Indapamide is a diuretic with similar effects as thiazides. It enhances Na, chloride, and water excretion by interfering with the transport of Na ions across the renal tubular epithelium. Onset: Perindopril: 1-2 hours. Pharmacokinetics: Absorption: Perindopril: Rapidly absorbed from the gastrointestinal tract. Food may reduce serum levels and the conversion into perindoprilat. Bioavailability: Approx 65-75% (perindopril); approx 25% (perindoprilat). Time to peak plasma concentration: Approx 1 hour (perindopril); 3-7 hours (perindoprilat).
Indapamide: Rapidly and completely absorbed from the gastrointestinal tract. Bioavailability: 93%. Time to peak plasma concentration: 2 hours. Distribution: Perindopril: Volume of distribution: Approx 0.2 L/kg (perindoprilat). Plasma protein binding: Approx 60% (perindopril); 10-20% (perindoprilat).
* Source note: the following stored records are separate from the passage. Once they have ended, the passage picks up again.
lemma is_ext_square_AabI:
  fixes L :: "('k::field, 'v::ab_group_add) lsa" and w :: "'v \<Rightarrow> 'v \<Rightarrow> idx \<Rightarrow> 'k"
  assumes L: "lie_superalgebra L"
    and w: "ext_pairing L (Aab r s) w"
    and p: "\<And>b. b \<in> XS r \<union> YS s \<Longrightarrow> \<exists>a. p b \<in> part L a"
    and q: "\<And>b. b \<in> XS r \<union> YS s \<Longrightarrow> \<exists>a. q b \<in> part L a"
    and w_pq: "\<And>b. b \<in> XS r \<union> YS s \<Longrightarrow> w (p b) (q b) = delta b"
    and factor: "\<And>(M::('k, 'm::ab_group_add) lsa) f x y. lie_superalgebra M \<Longrightarrow> ext_pairing L M f \<Longrightarrow>
        x \<in> car L \<Longrightarrow> y \<in> car L \<Longrightarrow> f x y = (\<Sum>b\<in>XS r \<union> YS s. scl M (w x y b) (f (p b) (q b)))"
  shows "is_ext_square L (Aab r s) TYPE('m)"
proof -
  let ?B = "XS r \<union> YS s"
  have pc: "p b \<in> car L" and qc: "q b \<in> car L" if "b \<in> ?B" for b
    using p[OF that] q[OF that] lsa_part_subset[OF L] by blast+
  have "\<exists>\<phi>. lsa_hom (Aab r s) M \<phi> \<and> (\<forall>x\<in>car L. \<forall>y\<in>car L. \<phi> (w x y) = f x y) \<and>
          (\<forall>\<psi>. lsa_hom (Aab r s) M \<psi> \<and> (\<forall>x\<in>car L. \<forall>y\<in>car L. \<psi> (w x y) = f x y)
                \<longrightarrow> (\<forall>e\<in>car (Aab r s). \<psi> e = \<phi> e))"
    if M: "lie_superalgebra M" and f: "ext_pairing L M f" for M :: "('k, 'm) lsa" and f
  proof (intro exI conjI allI impI ballI)
    define F where "F b = f (p b) (q b)" for b
    have F_part: "F b \<in> part M (b \<in> YS s)" if b: "b \<in> ?B" for b
    proof -
      obtain a1 a2 where a: "p b \<in> part L a1" "q b \<in> part L a2"
        using p[OF b] q[OF b] by blast
      have "(a1 \<noteq> a2) \<longleftrightarrow> b \<in> YS s"
        using delta_in_part_Aab[OF b] ext_pairing_part[OF w a] w_pq[OF b] by simp
      then show ?thesis
        using ext_pairing_part[OF f a] by (simp add: F_def)
    qed
    have F_brk: "brk M (F b) (F c) = 0" if b: "b \<in> ?B" and c: "c \<in> ?B" for b c
    proof -
      obtain a1 a2 where a: "p b \<in> part L a1" "q b \<in> part L a2"
        using p[OF b] q[OF b] by blast
      let ?u = "brk L (q b) (p b)" and ?v = "brk L (p c) (q c)"
      have uv: "?u \<in> car L" "?v \<in> car L"
        using lsa_brk_closed[OF L] pc qc b c by blast+
      have "- cscale (psign (a1 \<and> a2)) (w ?u ?v) = 0"
        using ext_pairing_brk_pairing[OF w a pc[OF c] qc[OF c]] by (simp add: Aab_brk Aab_scl)
      then have "w ?u ?v = 0"
        by (auto simp: fun_eq_iff psign_def split: if_splits)
      then have "f ?u ?v = 0"
        using factor[OF M f uv] pc qc by (simp add: lsa_scl_zero_left[OF M] ext_pairing_closed[OF f])
      then show ?thesis
        using ext_pairing_brk_pairing[OF f a pc[OF c] qc[OF c]] by (simp add: F_def lsa_scl_zero_right[OF M])
    qed
    show hom: "lsa_hom (Aab r s) M (\<lambda>e. \<Sum>b\<in>?B. scl M (e b) (F b))"
      by (rule lsa_hom_from_Aab[OF M F_part F_brk])
    show "(\<Sum>b\<in>?B. scl M (w x y b) (F b)) = f x y" if "x \<in> car L" "y \<in> car L" for x y
      using factor[OF M f that] by (simp add: F_def)
    fix \<psi> and e :: "idx \<Rightarrow> 'k"
    assume \<psi>: "lsa_hom (Aab r s) M \<psi> \<and> (\<forall>x\<in>car L. \<forall>y\<in>car L. \<psi> (w x y) = f x y)"
      and e: "e \<in> car (Aab r s)"
    have "\<psi> (delta b) = F b" if "b \<in> ?B" for b
      using \<psi> w_pq[OF that] pc[OF that] qc[OF that] by (metis F_def)
    then show "\<psi> e = (\<Sum>b\<in>?B. scl M (e b) (F b))"
      using lsa_hom_Aab_expand[OF conjunct1[OF \<psi>] e] by simp
  qed
  then show ?thesis
    unfolding is_ext_square_def using L lie_superalgebra_Aab w by blast
qed

section \<open>Exterior squares from a basis of pairs\<close>

text \<open>For c \<noteq> d, the coordinate of u \<and> v along c \<and> d also collects the (d, c)-coordinate of
  u \<otimes> v, with the sign relating d \<and> c to c \<and> d.\<close>

definition swap_sign :: "bool \<Rightarrow> bool \<Rightarrow> 'k::ring_1" where
  "swap_sign p q = - psign (p \<and> q)"

definition wedge_coord :: "(idx \<Rightarrow> bool) \<Rightarrow> idx \<times> idx \<Rightarrow> (idx \<Rightarrow> 'k::field) \<Rightarrow> (idx \<Rightarrow> 'k) \<Rightarrow> 'k" where
  "wedge_coord par cd u v = u (fst cd) * v (snd cd) +
     (if fst cd = snd cd then 0 else swap_sign (par (fst cd)) (par (snd cd)) * u (snd cd) * v (fst cd))"

lemma wedge_coord_add_left: "wedge_coord par cd (x + x') y = wedge_coord par cd x y + wedge_coord par cd x' y"
  and wedge_coord_add_right: "wedge_coord par cd x (y + y') = wedge_coord par cd x y + wedge_coord par cd x y'"
  and wedge_coord_scl_left: "wedge_coord par cd (cscale c x) y = c * wedge_coord par cd x y"
  and wedge_coord_scl_right: "wedge_coord par cd x (cscale c y) = c * wedge_coord par cd x y"
  by (simp_all add: wedge_coord_def algebra_simps)

lemma wedge_coord_delta:
  "wedge_coord par (c, d) (delta a) (delta b) =
    (if (c, d) = (a, b) then 1 else 0) + (if c \<noteq> d \<and> (c, d) = (b, a) then swap_sign (par c) (par d) else 0)"
  unfolding wedge_coord_def delta_def fst_conv snd_conv
  by (cases "c = a"; cases "d = b"; cases "c = d"; cases "d = a"; cases "c = b") simp_all

text \<open>The basis of L \<and> L is indexed by a set PE of pairs of basis vectors of L of equal parity
  and a set PO of pairs of different parity, enumerated by g and h. Each unordered pair occurs at
  most once, and a pair (a, a) only for odd a, since a \<and> a = 0 for even a.\<close>

locale pair_basis =
  fixes L :: "('k::field, idx \<Rightarrow> 'k) lsa" and S :: "idx set" and par :: "idx \<Rightarrow> bool"
    and PE PO :: "(idx \<times> idx) set" and g h :: "nat \<Rightarrow> idx \<times> idx" and r s :: nat
  assumes lsa: "lie_superalgebra L"
    and car_L: "car L = supp_in S" and finite_S: "finite S"
    and evp_L: "evp L = supp_in {a\<in>S. \<not> par a}" and odp_L: "odp L = supp_in {a\<in>S. par a}"
    and scl_L: "scl L = cscale"
    and bij_g: "bij_betw g {1..r} PE" and bij_h: "bij_betw h {1..s} PO"
    and pairs_in_S: "\<And>a b. (a, b) \<in> PE \<union> PO \<Longrightarrow> a \<in> S \<and> b \<in> S"
    and PE_par: "\<And>a b. (a, b) \<in> PE \<Longrightarrow> par a = par b"
    and PO_par: "\<And>a b. (a, b) \<in> PO \<Longrightarrow> par a \<noteq> par b"
    and diag_odd: "\<And>a. (a, a) \<in> PE \<union> PO \<Longrightarrow> par a"
    and unordered: "\<And>a b. (a, b) \<in> PE \<union> PO \<Longrightarrow> (b, a) \<in> PE \<union> PO \<Longrightarrow> a = b"
begin

abbreviation "B \<equiv> XS r \<union> YS s"
abbreviation "P \<equiv> PE \<union> PO"

definition pair_of :: "idx \<Rightarrow> idx \<times> idx" where
  "pair_of k = (case k of X i \<Rightarrow> g i | Y j \<Rightarrow> h j | Z \<Rightarrow> undefined)"

definition wedge :: "(idx \<Rightarrow> 'k) \<Rightarrow> (idx \<Rightarrow> 'k) \<Rightarrow> idx \<Rightarrow> 'k" where
  "wedge u v k = (if k \<in> B then wedge_coord par (pair_of k) u v else 0)"

lemma pair_of_X [simp]: "pair_of (X i) = g i"
  and pair_of_Y [simp]: "pair_of (Y j) = h j"
  by (simp_all add: pair_of_def)

lemma pair_of_XS: "k \<in> XS r \<Longrightarrow> pair_of k \<in> PE"
  using bij_betw_apply[OF bij_g] by (auto simp: XS_def)

lemma pair_of_YS: "k \<in> YS s \<Longrightarrow> pair_of k \<in> PO"
  using bij_betw_apply[OF bij_h] by (auto simp: YS_def)

lemma bij_pair_of: "bij_betw pair_of B P"
proof -
  have "bij_betw X {1..r} (XS r)" "bij_betw Y {1..s} (YS s)"
    by (simp_all add: XS_def YS_def bij_betw_def inj_on_def)
  moreover have "pair_of \<circ> X = g" "pair_of \<circ> Y = h"
    by (simp_all add: fun_eq_iff)
  ultimately have "bij_betw pair_of (XS r) PE" "bij_betw pair_of (YS s) PO"
    using bij_g bij_h by (simp_all add: bij_betw_comp_iff)
  moreover have "PE \<inter> PO = {}"
    using PE_par PO_par by (auto simp: disjoint_iff)
  ultimately show ?thesis
    using XS_YS_disjoint by (intro bij_betw_combine)
qed

definition pair_index :: "idx \<times> idx \<Rightarrow> idx" where
  "pair_index = the_inv_into B pair_of"

lemma pair_index_in: "cd \<in> P \<Longrightarrow> pair_index cd \<in> B"
  unfolding pair_index_def using bij_pair_of by (metis bij_betw_def the_inv_into_into order_refl)

lemma pair_of_pair_index: "cd \<in> P \<Longrightarrow> pair_of (pair_index cd) = cd"
  unfolding pair_index_def using bij_pair_of by (metis bij_betw_def f_the_inv_into_f)

lemma pair_index_pair_of: "k \<in> B \<Longrightarrow> pair_index (pair_of k) = k"
  unfolding pair_index_def using bij_pair_of by (metis bij_betw_def the_inv_into_f_f)

lemma pair_of_in: "k \<in> B \<Longrightarrow> pair_of k \<in> P"
  using bij_pair_of by (metis bij_betw_def imageI)

lemma pair_of_eq_iff: "k \<in> B \<Longrightarrow> cd \<in> P \<Longrightarrow> pair_of k = cd \<longleftrightarrow> k = pair_index cd"
  using pair_of_pair_index pair_index_pair_of by metis

lemma wedge_add_left: "wedge (x + x') y = wedge x y + wedge x' y"
  and wedge_add_right: "wedge x (y + y') = wedge x y + wedge x y'"
  and wedge_scl_left: "wedge (cscale c x) y = cscale c (wedge x y)"
  and wedge_scl_right: "wedge x (cscale c y) = cscale c (wedge x y)"
  and wedge_closed: "wedge x y \<in> supp_in B"
  by (auto simp: fun_eq_iff wedge_def supp_in_iff wedge_coord_add_left wedge_coord_add_right
      wedge_coord_scl_left wedge_coord_scl_right)

lemma wedge_eqI:
  assumes "\<And>cd. cd \<in> P \<Longrightarrow> wedge_coord par cd u1 v1 = c2 * wedge_coord par cd u2 v2 - c3 * wedge_coord par cd u3 v3"
  shows "wedge u1 v1 = cscale c2 (wedge u2 v2) - cscale c3 (wedge u3 v3)"
  using assms pair_of_in by (auto simp: fun_eq_iff wedge_def)

lemma wedge_eq_0I:
  assumes "\<And>cd. cd \<in> P \<Longrightarrow> wedge_coord par cd u v = 0"
  shows "wedge u v = 0"
  using assms pair_of_in by (auto simp: fun_eq_iff wedge_def)

lemma part_coord_nonzero: "x \<in> part L d \<Longrightarrow> x c \<noteq> 0 \<Longrightarrow> c \<in> S \<and> par c = d"
  by (cases d) (auto simp: part_def evp_L odp_L supp_in_iff)

lemma part_prod_nonzero:
  "x \<in> part L a \<Longrightarrow> y \<in> part L b \<Longrightarrow> x c * y d \<noteq> 0 \<Longrightarrow> par c = a \<and> par d = b"
  using part_coord_nonzero by (metis mult_zero_left mult_zero_right)

lemma delta_in_part: "a \<in> S \<Longrightarrow> delta a \<in> part L (par a)"
  by (cases "par a") (auto simp: part_def evp_L odp_L intro: delta_in_supp_in)

lemma delta_in_car: "a \<in> S \<Longrightarrow> delta a \<in> car L"
  by (simp add: car_L delta_in_supp_in)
Indapamide: Widely distributed into the body. Volume of distribution: 25 L. Plasma protein binding: 71-79%. Metabolism: Perindopril: Extensively metabolised in the liver via hydrolysis to perindoprilat (active form) and inactive metabolites including glucuronides.
Indapamide: Extensively metabolised in the liver. Excretion: Perindopril: Via urine (75%; 4-12% as unchanged drug). Elimination half-life: 25-30 hours or longer (perindoprilat).
Indapamide: Mainly via urine (approx 70%; 7% as unchanged drug); faeces (16-23%). Elimination half-life: Biphasic: Approx 14 hours.